• SOURCE DATA:

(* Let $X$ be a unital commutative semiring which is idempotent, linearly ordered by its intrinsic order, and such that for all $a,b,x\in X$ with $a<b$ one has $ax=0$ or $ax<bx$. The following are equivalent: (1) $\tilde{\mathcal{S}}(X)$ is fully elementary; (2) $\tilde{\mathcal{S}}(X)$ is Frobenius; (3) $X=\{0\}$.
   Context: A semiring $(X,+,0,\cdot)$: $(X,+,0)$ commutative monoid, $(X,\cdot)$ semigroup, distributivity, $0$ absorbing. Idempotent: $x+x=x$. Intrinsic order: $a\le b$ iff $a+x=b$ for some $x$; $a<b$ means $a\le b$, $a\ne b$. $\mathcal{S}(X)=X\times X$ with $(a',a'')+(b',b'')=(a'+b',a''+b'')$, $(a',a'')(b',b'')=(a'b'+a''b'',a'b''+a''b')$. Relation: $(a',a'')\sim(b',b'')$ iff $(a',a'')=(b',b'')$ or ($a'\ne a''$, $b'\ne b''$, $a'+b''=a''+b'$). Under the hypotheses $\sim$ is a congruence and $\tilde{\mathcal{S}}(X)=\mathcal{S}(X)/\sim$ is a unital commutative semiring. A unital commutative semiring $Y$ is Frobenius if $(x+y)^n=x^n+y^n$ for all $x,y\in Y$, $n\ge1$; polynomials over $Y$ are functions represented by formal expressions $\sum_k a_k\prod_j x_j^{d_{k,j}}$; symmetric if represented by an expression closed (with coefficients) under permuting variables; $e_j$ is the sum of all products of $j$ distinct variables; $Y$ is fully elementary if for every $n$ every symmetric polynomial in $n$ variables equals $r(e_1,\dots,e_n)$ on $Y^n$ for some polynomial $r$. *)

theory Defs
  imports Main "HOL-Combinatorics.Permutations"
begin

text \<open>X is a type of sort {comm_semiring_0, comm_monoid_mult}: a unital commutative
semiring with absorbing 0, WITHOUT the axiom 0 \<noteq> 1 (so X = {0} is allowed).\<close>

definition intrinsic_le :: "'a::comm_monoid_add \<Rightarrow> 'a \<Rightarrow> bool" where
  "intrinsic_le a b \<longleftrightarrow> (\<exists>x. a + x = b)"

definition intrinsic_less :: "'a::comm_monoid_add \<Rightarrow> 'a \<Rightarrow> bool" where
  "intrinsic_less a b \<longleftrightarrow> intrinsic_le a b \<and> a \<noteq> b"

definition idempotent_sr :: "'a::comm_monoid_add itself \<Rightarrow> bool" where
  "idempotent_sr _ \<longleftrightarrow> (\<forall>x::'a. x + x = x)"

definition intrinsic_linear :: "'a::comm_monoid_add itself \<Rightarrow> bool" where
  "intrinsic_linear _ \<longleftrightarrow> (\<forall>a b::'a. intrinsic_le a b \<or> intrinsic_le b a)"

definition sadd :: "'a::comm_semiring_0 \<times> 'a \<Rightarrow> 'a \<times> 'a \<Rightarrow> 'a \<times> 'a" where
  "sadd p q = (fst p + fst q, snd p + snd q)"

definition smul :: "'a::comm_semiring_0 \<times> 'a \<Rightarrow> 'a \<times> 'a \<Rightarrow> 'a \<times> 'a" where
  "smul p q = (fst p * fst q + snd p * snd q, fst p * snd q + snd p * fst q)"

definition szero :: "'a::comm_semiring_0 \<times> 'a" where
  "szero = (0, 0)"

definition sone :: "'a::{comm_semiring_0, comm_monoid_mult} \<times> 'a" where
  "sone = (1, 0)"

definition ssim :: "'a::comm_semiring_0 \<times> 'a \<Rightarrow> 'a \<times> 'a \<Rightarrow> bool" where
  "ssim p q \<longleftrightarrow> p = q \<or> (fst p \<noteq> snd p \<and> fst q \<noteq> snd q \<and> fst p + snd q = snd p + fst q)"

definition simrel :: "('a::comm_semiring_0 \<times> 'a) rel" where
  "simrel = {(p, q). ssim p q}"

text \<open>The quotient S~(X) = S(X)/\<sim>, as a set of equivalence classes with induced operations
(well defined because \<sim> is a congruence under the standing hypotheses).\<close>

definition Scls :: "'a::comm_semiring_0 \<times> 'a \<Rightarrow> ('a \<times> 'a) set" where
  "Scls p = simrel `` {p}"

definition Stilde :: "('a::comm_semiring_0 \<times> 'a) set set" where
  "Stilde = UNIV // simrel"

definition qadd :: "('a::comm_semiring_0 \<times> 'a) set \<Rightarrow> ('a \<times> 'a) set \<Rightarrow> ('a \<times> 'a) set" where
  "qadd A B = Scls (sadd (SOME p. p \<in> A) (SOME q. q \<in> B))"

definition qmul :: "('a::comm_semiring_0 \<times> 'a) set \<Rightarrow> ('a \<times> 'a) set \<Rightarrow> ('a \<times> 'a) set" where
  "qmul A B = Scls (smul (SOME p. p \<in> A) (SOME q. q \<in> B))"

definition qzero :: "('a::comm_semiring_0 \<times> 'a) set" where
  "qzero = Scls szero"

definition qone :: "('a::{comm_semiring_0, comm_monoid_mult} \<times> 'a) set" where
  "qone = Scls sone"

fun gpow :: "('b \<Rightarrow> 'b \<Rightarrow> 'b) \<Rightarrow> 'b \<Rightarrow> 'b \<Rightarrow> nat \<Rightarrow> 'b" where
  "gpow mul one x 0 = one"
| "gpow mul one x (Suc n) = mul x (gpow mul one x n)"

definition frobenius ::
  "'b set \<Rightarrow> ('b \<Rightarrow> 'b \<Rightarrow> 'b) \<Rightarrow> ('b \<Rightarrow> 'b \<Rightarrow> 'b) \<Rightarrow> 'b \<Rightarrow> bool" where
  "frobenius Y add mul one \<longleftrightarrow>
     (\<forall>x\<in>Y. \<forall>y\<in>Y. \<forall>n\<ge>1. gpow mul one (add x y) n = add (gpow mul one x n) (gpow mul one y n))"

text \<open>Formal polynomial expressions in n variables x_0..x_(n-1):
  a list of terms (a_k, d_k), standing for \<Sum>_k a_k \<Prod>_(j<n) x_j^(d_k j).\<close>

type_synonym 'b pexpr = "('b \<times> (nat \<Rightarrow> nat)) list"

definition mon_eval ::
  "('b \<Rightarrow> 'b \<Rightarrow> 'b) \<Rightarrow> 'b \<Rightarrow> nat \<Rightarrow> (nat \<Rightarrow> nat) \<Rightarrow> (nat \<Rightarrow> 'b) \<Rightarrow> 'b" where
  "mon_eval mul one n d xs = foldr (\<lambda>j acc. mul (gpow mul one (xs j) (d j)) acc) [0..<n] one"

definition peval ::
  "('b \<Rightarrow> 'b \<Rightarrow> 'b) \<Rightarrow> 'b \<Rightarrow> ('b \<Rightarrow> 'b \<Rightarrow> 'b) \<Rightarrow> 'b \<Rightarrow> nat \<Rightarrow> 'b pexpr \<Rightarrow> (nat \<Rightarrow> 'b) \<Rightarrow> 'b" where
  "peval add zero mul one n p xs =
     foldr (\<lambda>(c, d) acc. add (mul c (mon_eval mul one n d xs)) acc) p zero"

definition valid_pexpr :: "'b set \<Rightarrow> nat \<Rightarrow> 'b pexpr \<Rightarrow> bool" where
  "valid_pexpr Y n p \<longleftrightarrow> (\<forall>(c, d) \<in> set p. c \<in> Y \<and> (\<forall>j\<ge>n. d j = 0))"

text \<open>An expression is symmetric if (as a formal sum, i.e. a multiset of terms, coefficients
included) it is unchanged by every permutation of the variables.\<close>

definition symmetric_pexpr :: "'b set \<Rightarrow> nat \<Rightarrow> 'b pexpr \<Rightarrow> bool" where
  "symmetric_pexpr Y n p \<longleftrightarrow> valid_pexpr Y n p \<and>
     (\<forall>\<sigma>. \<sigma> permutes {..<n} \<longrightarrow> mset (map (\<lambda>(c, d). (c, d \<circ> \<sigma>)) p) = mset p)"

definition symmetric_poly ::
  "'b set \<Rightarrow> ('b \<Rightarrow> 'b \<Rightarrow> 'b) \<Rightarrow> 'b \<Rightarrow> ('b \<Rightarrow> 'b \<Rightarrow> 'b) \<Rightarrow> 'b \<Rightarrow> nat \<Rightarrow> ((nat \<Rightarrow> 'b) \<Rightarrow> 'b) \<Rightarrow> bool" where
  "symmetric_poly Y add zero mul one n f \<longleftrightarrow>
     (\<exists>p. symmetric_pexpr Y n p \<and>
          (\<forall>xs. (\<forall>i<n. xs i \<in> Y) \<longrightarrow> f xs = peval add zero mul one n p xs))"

• WORK REQUIRED: Search the entries for "open" and show every line that has it.

• SOLUTION:
text \<open>X is a type of sort {comm_semiring_0, comm_monoid_mult}: a unital commutative
text \<open>The quotient S~(X) = S(X)/\<sim>, as a set of equivalence classes with induced operations
text \<open>Formal polynomial expressions in n variables x_0..x_(n-1):
text \<open>An expression is symmetric if (as a formal sum, i.e. a multiset of terms, coefficients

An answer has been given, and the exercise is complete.